Tuesday, August 31, 2021

 

A Funny Thing Happened...

        So a funny thing happened a few days ago... I injured myself. It happened at a deadlift competition. During a 465 lb deadlift, I felt 2 small pops in my lower back. After I set the weight back down I walked off the platform and felt a small amount of tightness in my lower back. To be frank, it's nothing I have never dealt with before and didn't think too much of it. The really funny thing about the entire situation is the 465 lbs of the deadlift felt relatively light. Anyway, I pulled myself out of the competition thinking to myself "I have played this game before, and in the past, I have typically pushed through the discomfort and ultimately lost." So to make sure I don't hurt myself any further than I have, I decide to stay on the safe side. So as I said, I pulled out and watch the rest of the comp. So here I am walking around, talking with people, feeling a small bit of tightness in my lower back, again nothing I'm not used to, and going on with my day. I get home, I play with my kids, I put them to bed, and go through my normal routine after something like these 2 little pops happen. Heat, massage, ice and, rest. I lay down for the night thinking I should be good in the morning, with the expectation that I will be a little sore tomorrow. Was I wrong. I mean really wrong.

       I woke up the next morning and wasn't able to move. Amanda, my wife, got up with the kids in the morning and allowed me to rest a little longer. As I am trying to get out of bed, my lower back and left hip completely seize, stopping me dead in my tracks. The pain was excruciating. I could move, let alone even breathe. Knowing this is not a good thing, I call Amanda on my cell phone. Thankfully I had it next to my side of the bed. I tell her I need her assistance and she proceeds to help me at least get off the bed. In the process of getting up off the bed, my lower back seizes again, causing the most horrific pain I had ever felt in my life. I fall to the floor and try to get into a position that won't cause any pain. 
This all happened at 7:40 AM. It is at this point I have come to the conclusion that all of the things I wanted to get done around the house were not going to be completed. 

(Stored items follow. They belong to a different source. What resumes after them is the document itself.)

(* Let $K$ be a totally ordered quasi-field of characteristic $1$, $a\in K$, $n\ge1$, let $\varphi:K[X]\to E=K+KX+\dots+KX^{n-1}$ be the $K$-linear map with $\varphi(X^m)=a^qX^r$ for $m=nq+r$, $0\le r<n$, and let $J$ be the ideal of $K[X]$ generated by the $X^{nk}+a^k$, $k\ge1$. If $P,Q\in K[X]$ satisfy $\varphi(P)=\varphi(Q)$, then $P\equiv Q \pmod J$.
   Context: A quasi-field of characteristic $1$ is a commutative semiring $K$ with $1+1=1$ in which every nonzero element is multiplicatively invertible; it is ordered by $u\le v$ iff $u+v=v$, totally ordered meaning the order is total. Congruence modulo an ideal $J$ of $K[X]$: $P\equiv Q\pmod J$ iff $(P+J)\cap(Q+J)\neq\emptyset$ and for all $U\in J$ and $V\in K[X]$: $PU+V\in J\iff QU+V\in J$. *)

theory Defs
  imports "HOL-Computational_Algebra.Polynomial"
begin

definition quasi_field_char1 :: "'a::comm_semiring_1 itself \<Rightarrow> bool" where
  "quasi_field_char1 _ \<longleftrightarrow>
     (1::'a) + 1 = 1 \<and> (\<forall>x::'a. x \<noteq> 0 \<longrightarrow> (\<exists>y. x * y = 1))"

definition sr_le :: "'a::comm_semiring_1 \<Rightarrow> 'a \<Rightarrow> bool" where
  "sr_le u v \<longleftrightarrow> u + v = v"

definition totally_ordered_sr :: "'a::comm_semiring_1 itself \<Rightarrow> bool" where
  "totally_ordered_sr _ \<longleftrightarrow> (\<forall>u v::'a. sr_le u v \<or> sr_le v u)"

definition gen_ideal_sr :: "'a::comm_semiring_1 set \<Rightarrow> 'a set" where
  "gen_ideal_sr G = {P. \<exists>(N::nat) F g. (\<forall>i<N. g i \<in> G) \<and> P = (\<Sum>i<N. F i * g i)}"

definition cong_ideal :: "'a::comm_semiring_1 set \<Rightarrow> 'a \<Rightarrow> 'a \<Rightarrow> bool" where
  "cong_ideal J P Q \<longleftrightarrow>
     (\<exists>U\<in>J. \<exists>V\<in>J. P + U = Q + V) \<and>
     (\<forall>U\<in>J. \<forall>V. P * U + V \<in> J \<longleftrightarrow> Q * U + V \<in> J)"

definition phi :: "nat \<Rightarrow> 'a::comm_semiring_1 \<Rightarrow> 'a poly \<Rightarrow> 'a poly" where
  "phi n a P = (\<Sum>m\<le>degree P. monom (coeff P m * a ^ (m div n)) (m mod n))"

definition Jideal :: "nat \<Rightarrow> 'a::comm_semiring_1 \<Rightarrow> 'a poly set" where
  "Jideal n a = gen_ideal_sr {monom 1 (n * k) + [:a ^ k:] | k. k \<ge> 1}"

end

theory Submission
  imports Defs
begin

(* Write m = n q + r with 0 \<le> r < n and give the monomial c X^m the weight c a^q in column r.
   In characteristic 1 a sum is a maximum, so phi(W) records, for each column r, the largest
   weight of W in that column. Call W balanced if in every column this maximum is attained
   at two different positions.
   1. Column maxima of products only depend on phi of the first factor:
      phi(P U) = phi(phi(P) U).
   2. For a zero or invertible, J is exactly the set of balanced polynomials: generator
      multiples F (X^(n k) + a^k) are balanced and balancedness is closed under sums;
      conversely a balanced W is a sum of elements c X^m + e X^p of J in which each
      monomial is paired with a maximal position of its column.
   3. Balancedness of A + V only depends on the column maxima of a balanced A; with 1 and 2
      this gives P U + V \<in> J \<Longrightarrow> Q U + V \<in> J whenever phi(P) = phi(Q) and U \<in> J.
   4. For every W, the reduction term T(W) \<in> J satisfies W + T(W) = phi(W) + T(W), so
      U = T(P) + T(Q) gives P + U = Q + U. *)

notation sr_le (infix "\<preceq>" 50)

lemma same_residue_offset:
  fixes p m n :: nat
  assumes "p mod n = m mod n" and "m div n \<le> p div n"
  shows "p = m + n * (p div n - m div n)"
proof -
  have "p = n * (p div n) + m mod n" using assms(1) by (metis mult_div_mod_eq)
  also have "n * (p div n) = n * (m div n) + n * (p div n - m div n)"
    using assms(2) by (simp add: diff_mult_distrib2)
  finally show ?thesis by (metis add.commute add.left_commute mult_div_mod_eq)
qed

        Over the next 8 hours, I am on the floor of my bedroom staring at the ceiling. I try a few different times to get up, at one point I made it all the way to my hands and knees, and time after time, the same thing would happen. The lower back would seize and I would end up back on the floor. It wasn't until 3:30 PM that Amanda and I finally made the call for the Ambulance to come and take me to the ER.

        This is where the funny thing happened. During the time on the floor, I had a lot of time to think. Think about things I typically don't think about. Things like how my bedroom ceiling needs a coat of texture and, the carpet and the pad in my bedroom really need to be replaced in the next few years. But then there was a thought that came across my mind that I hadn't thought about for a long time. I remembered back to an essay I read years ago about a former elite powerlifter and how his life was forever changed by the sport. I remember back to how he described the bottles of pain meds on his nightstand, how he was in chronic pain. The essay was called The Price of the Platform. I would recommend reading it, it will open your eyes in many ways.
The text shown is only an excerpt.